European debt now a better bet than US Treasuries
WASHINGTON — Janet Yellen can’t be happy as bond guru Bill Gross shines a bright spotlight on a fast-emerging risk to US Treasury securities: the November election.
In recent interviews, the former chief investment officer of Pacific Investment Management Co (PIMCO) has talked up European debt as a ready alternative to securities sold by US Treasury Secretary Yellen’s team.
“As we move to November, and something becomes more clear as to who might or who might not win, the uncertainty plus the potential policy implications could impact Treasuries significantly,” Gross told Bloomberg.
Gross’s apparent pivot to Europe comes even after electoral shocks in Paris and Berlin. In European Parliament elections on June 9, France’s Emmanuel Macron and Germany’s Olaf Scholz suffered setbacks versus far-right parties.

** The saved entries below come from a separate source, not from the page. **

lemma endproj_Estar:
  assumes "path_connected (UNIV :: 'a::topological_space set)"
  shows "pimage endproj (Estar (x0::'a) E) = ball_joined E"
proof (intro subset_antisym subsetI)
  fix p assume "p \<in> pimage endproj (Estar x0 E)"
  then obtain A B where p: "p = (endproj A, endproj B)" and "(A, B) \<in> Estar x0 E"
    unfolding pimage_def by auto
  then obtain \<alpha> \<beta> z \<gamma> where AB: "A \<in> Xtilde x0" "B \<in> Xtilde x0" "\<alpha> \<in> A" "\<beta> \<in> B"
    and \<gamma>: "path \<gamma>" "path_image \<gamma> \<subseteq> Bent z E" "homotopic_paths UNIV (reversepath \<alpha> +++ \<beta>) \<gamma>"
    unfolding Estar_def by blast
  have "pathstart \<gamma> = pathfinish \<alpha>" "pathfinish \<gamma> = pathfinish \<beta>"
    using homotopic_paths_imp_pathstart[OF \<gamma>(3)] homotopic_paths_imp_pathfinish[OF \<gamma>(3)] by auto
  then show "p \<in> ball_joined E"
    using p \<gamma> endproj_eq[OF AB(1,3)] endproj_eq[OF AB(2,4)] unfolding ball_joined_def by auto
next
  fix p assume "p \<in> ball_joined E"
  then obtain z \<gamma> where \<gamma>: "p = (pathstart \<gamma>, pathfinish \<gamma>)" "path \<gamma>" "path_image \<gamma> \<subseteq> Bent z E"
    unfolding ball_joined_def by auto
  obtain \<alpha> where \<alpha>: "path \<alpha>" "pathstart \<alpha> = x0" "pathfinish \<alpha> = pathstart \<gamma>"
    using assms unfolding path_connected_def by blast
  text \<open>The pair ([alpha], [alpha * gamma]) lies in E^* and projects to p.\<close>
  have \<beta>: "path (\<alpha> +++ \<gamma>)" "pathstart (\<alpha> +++ \<gamma>) = x0" "pathfinish (\<alpha> +++ \<gamma>) = pathfinish \<gamma>"
    using \<alpha> \<gamma> by auto
  have "(path_class \<alpha>, path_class (\<alpha> +++ \<gamma>)) \<in> Estar x0 E"
    using \<alpha> \<beta> \<gamma> homotopic_paths_cancel_left[of \<alpha> \<gamma>] endproj_path_class path_class_self
    unfolding Estar_def by blast
  moreover have "endproj (path_class \<alpha>) = pathstart \<gamma>"
    "endproj (path_class (\<alpha> +++ \<gamma>)) = pathfinish \<gamma>"
    using endproj_path_class[OF \<alpha>(1,2)] endproj_path_class[OF \<beta>(1,2)] \<alpha>(3) \<beta>(3) by auto
  ultimately show "p \<in> pimage endproj (Estar x0 E)" using \<gamma>(1) unfolding pimage_def by force
qed

lemma Estar_tilde_entourage: "entourage E \<Longrightarrow> tilde_entourage x0 (Estar x0 E)"
  unfolding tilde_entourage_def Estar_def by auto

lemma generates_uniformity_iff_ball_joined:
  assumes pc: "path_connected (UNIV :: 'a::uniform_space set)"
  shows "generates_uniformity (Xtilde (x0::'a)) (tilde_entourage x0) endproj \<longleftrightarrow>
    (\<forall>E :: ('a \<times> 'a) set. entourage E \<longrightarrow> entourage (ball_joined E))"
proof
  assume "generates_uniformity (Xtilde x0) (tilde_entourage x0) endproj"
  then have "entourage (pimage endproj (Estar x0 E))" if "entourage E" for E
    using Estar_tilde_entourage[OF that] unfolding generates_uniformity_def by blast
  then show "\<forall>E :: ('a \<times> 'a) set. entourage E \<longrightarrow> entourage (ball_joined E)"
    unfolding endproj_Estar[OF pc] by blast
next
  assume ent: "\<forall>E :: ('a \<times> 'a) set. entourage E \<longrightarrow> entourage (ball_joined E)"
  text \<open>Images of basic entourages contain ball-joined relations, hence are entourages.\<close>
  have "entourage (pimage endproj D)" if D: "tilde_entourage x0 D" for D
  proof -
    obtain E :: "('a \<times> 'a) set" where "entourage E" "Estar x0 E \<subseteq> D"
      using D unfolding tilde_entourage_def by blast
    then have "pimage endproj (Estar x0 E) \<subseteq> pimage endproj D"
      unfolding pimage_def by (intro image_mono)
    then have "ball_joined E \<subseteq> pimage endproj D" by (simp only: endproj_Estar[OF pc])
    with ent \<open>entourage E\<close> show ?thesis by (blast intro: entourage_mono)
  qed
  text \<open>Every entourage contains the image of H^* for a half H of it.\<close>
  moreover have "\<exists>D. tilde_entourage x0 D \<and> pimage endproj D \<subseteq> E" if "entourage E" for E
  proof -
    obtain H where "entourage H" "half_of H E"
      using \<open>entourage E\<close> by (rule entourage_half)
    then show ?thesis
      using Estar_tilde_entourage ball_joined_subset endproj_Estar[OF pc] by metis
  qed
  ultimately show "generates_uniformity (Xtilde x0) (tilde_entourage x0) endproj"
    unfolding generates_uniformity_def using endproj_surj[OF pc] by blast
qed

text \<open>Both sides are equivalent to: the ball-joined relation of every entourage is an
  entourage.\<close>
theorem mainTheorem4:
  fixes x0 :: "'a::uniform_space"
  assumes "path_connected (UNIV :: 'a set)"
  shows "generates_uniformity (Xtilde x0) (tilde_entourage x0) endproj \<longleftrightarrow>
    (\<forall>E :: ('a \<times> 'a) set. entourage E \<longrightarrow> (\<exists>F :: ('a \<times> 'a) set. entourage F \<and>
       (\<forall>x. \<forall>y\<in>Bent x F. \<forall>z\<in>Bent x F. \<exists>g. path g \<and> pathstart g = y \<and>
          pathfinish g = z \<and> path_image g \<subseteq> Bent x E)))"
  unfolding generates_uniformity_iff_ball_joined[OF assms] uniformly_locally_path_connected_iff ..

end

French bond yields jumped to their highest level since November as President Macron called a snap election in a bid to consolidate power. German and Italian bond prices plunged, too, as traders assessed the fiscal policy implications of the elections.

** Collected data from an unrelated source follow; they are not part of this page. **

lemma singular_values3_eq_svd_diagonal:
  fixes A U V :: "real^3^3"
  assumes oU: "orthogonal_matrix U" and oV: "orthogonal_matrix V"
    and A: "A = U ** diag3 s1 s2 s3 ** transpose V"
    and s: "0 \<le> s1" "s1 \<le> s2" "s2 \<le> s3"
    and l: "singular_values3 A l1 l2 l3" "l1 \<le> l2" "l2 \<le> l3"
  shows "s1 = l1 \<and> s2 = l2 \<and> s3 = l3"
proof -
  have "transpose A ** A = V ** diag3 s1 s2 s3 ** (transpose U ** U) ** diag3 s1 s2 s3 **
      transpose V"
    unfolding A by (simp add: matrix_transpose_mul transpose_diag3 matrix_mul_assoc)
  also have "\<dots> = V ** diag3 (s1\<^sup>2) (s2\<^sup>2) (s3\<^sup>2) ** transpose V"
    using oU by (simp add: orthogonal_matrix_def matrix_mult_diag3_mult power2_eq_square matrix_mul_assoc)
  finally have AtA: "transpose A ** A = \<dots>" .
  have "(t - s1\<^sup>2) * (t - s2\<^sup>2) * (t - s3\<^sup>2) = (t - l1\<^sup>2) * (t - l2\<^sup>2) * (t - l3\<^sup>2)" for t
    using l(1) det_orthogonal_conj[OF oV, of "diag3 (t - s1\<^sup>2) (t - s2\<^sup>2) (t - s3\<^sup>2)"]
    unfolding singular_values3_def orthogonal_conj_diag3_diff[OF oV] AtA[symmetric]
    by (simp add: det_diag3)
  moreover have "s1\<^sup>2 \<le> s2\<^sup>2" "s2\<^sup>2 \<le> s3\<^sup>2" using s by (auto intro: power_mono)
  moreover have "0 \<le> l1" using l(1) by (simp add: singular_values3_def)
  then have "l1\<^sup>2 \<le> l2\<^sup>2" "l2\<^sup>2 \<le> l3\<^sup>2" using l(2,3) by (auto intro: power_mono)
  ultimately have "s1\<^sup>2 = l1\<^sup>2 \<and> s2\<^sup>2 = l2\<^sup>2 \<and> s3\<^sup>2 = l3\<^sup>2"
    using sorted_cubic_roots_unique by blast
  then show ?thesis using s l(1) by (simp add: singular_values3_def power2_eq_iff_nonneg)
qed

lemma transpose_mult_cof3: "transpose X ** cof X = det X *\<^sub>R mat 1" for X :: "real^3^3"
  unfolding vec_eq_iff forall_3
  by (simp add: cof_def matrix_matrix_mult_def sum_3 det_3 mat_def transpose_def algebra_simps)

lemma matrix_mult_left_cancel:
  fixes X :: "'a::field^'n^'n" and Y Z :: "'a^'m^'n"
  assumes "invertible X" and "X ** Y = X ** Z"
  shows "Y = Z"
proof -
  obtain B where B: "B ** X = mat 1" using assms(1) invertible_left_inverse by blast
  have "Y = B ** (X ** Y)" by (simp add: B matrix_mul_assoc)
  also have "\<dots> = Z" by (simp add: assms(2) B matrix_mul_assoc)
  finally show ?thesis .
qed

lemma cof_svd3:
  fixes U V :: "real^3^3"
  assumes oU: "orthogonal_matrix U" and dU: "det U = 1"
    and oV: "orthogonal_matrix V" and dV: "det V = 1" and abc: "a * b * c \<noteq> 0"
  shows "cof (U ** diag3 a b c ** transpose V) = U ** diag3 (b * c) (a * c) (a * b) ** transpose V"
    (is "cof ?A = ?C")
proof -
  have dA: "det ?A = a * b * c" by (simp add: det_mul det_transpose dU dV det_diag3)
  have "transpose ?A ** ?C = V ** (diag3 a b c ** (transpose U ** U) ** diag3 (b * c) (a * c) (a * b))
      ** transpose V"
    by (simp add: matrix_transpose_mul transpose_diag3 matrix_mul_assoc)
  also have "\<dots> = V ** diag3 (a * b * c) (a * b * c) (a * b * c) ** transpose V"
    using oU by (simp add: orthogonal_matrix_def diag3_mult mult_ac)
  also have "\<dots> = det ?A *\<^sub>R mat 1"
    unfolding dA using orthogonal_conj_diag3_diff[OF oV, of "a * b * c" 0 0 0] by (simp add: diag3_zero)
  finally have "transpose ?A ** cof ?A = transpose ?A ** ?C"
    by (simp only: transpose_mult_cof3)
  moreover have "invertible (transpose ?A)"
    using abc dA by (simp add: invertible_det_nz det_transpose)
  ultimately show ?thesis using matrix_mult_left_cancel by blast
qed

Political surprises emanating from the Continent, Gross notes, fit with other big upsets in India, Mexico and South Africa that caught many bond investors on the wrong side of market reactions. Could a US election pitting President Joe Biden’s Democrats against Donald Trump’s Republicans be the next market spoiler?
“What we’ve seen the last few weeks is a reaction to uncertainty, in terms of not only the party that’s dominating, but uncertainty as to what their policies will be,” Gross explains.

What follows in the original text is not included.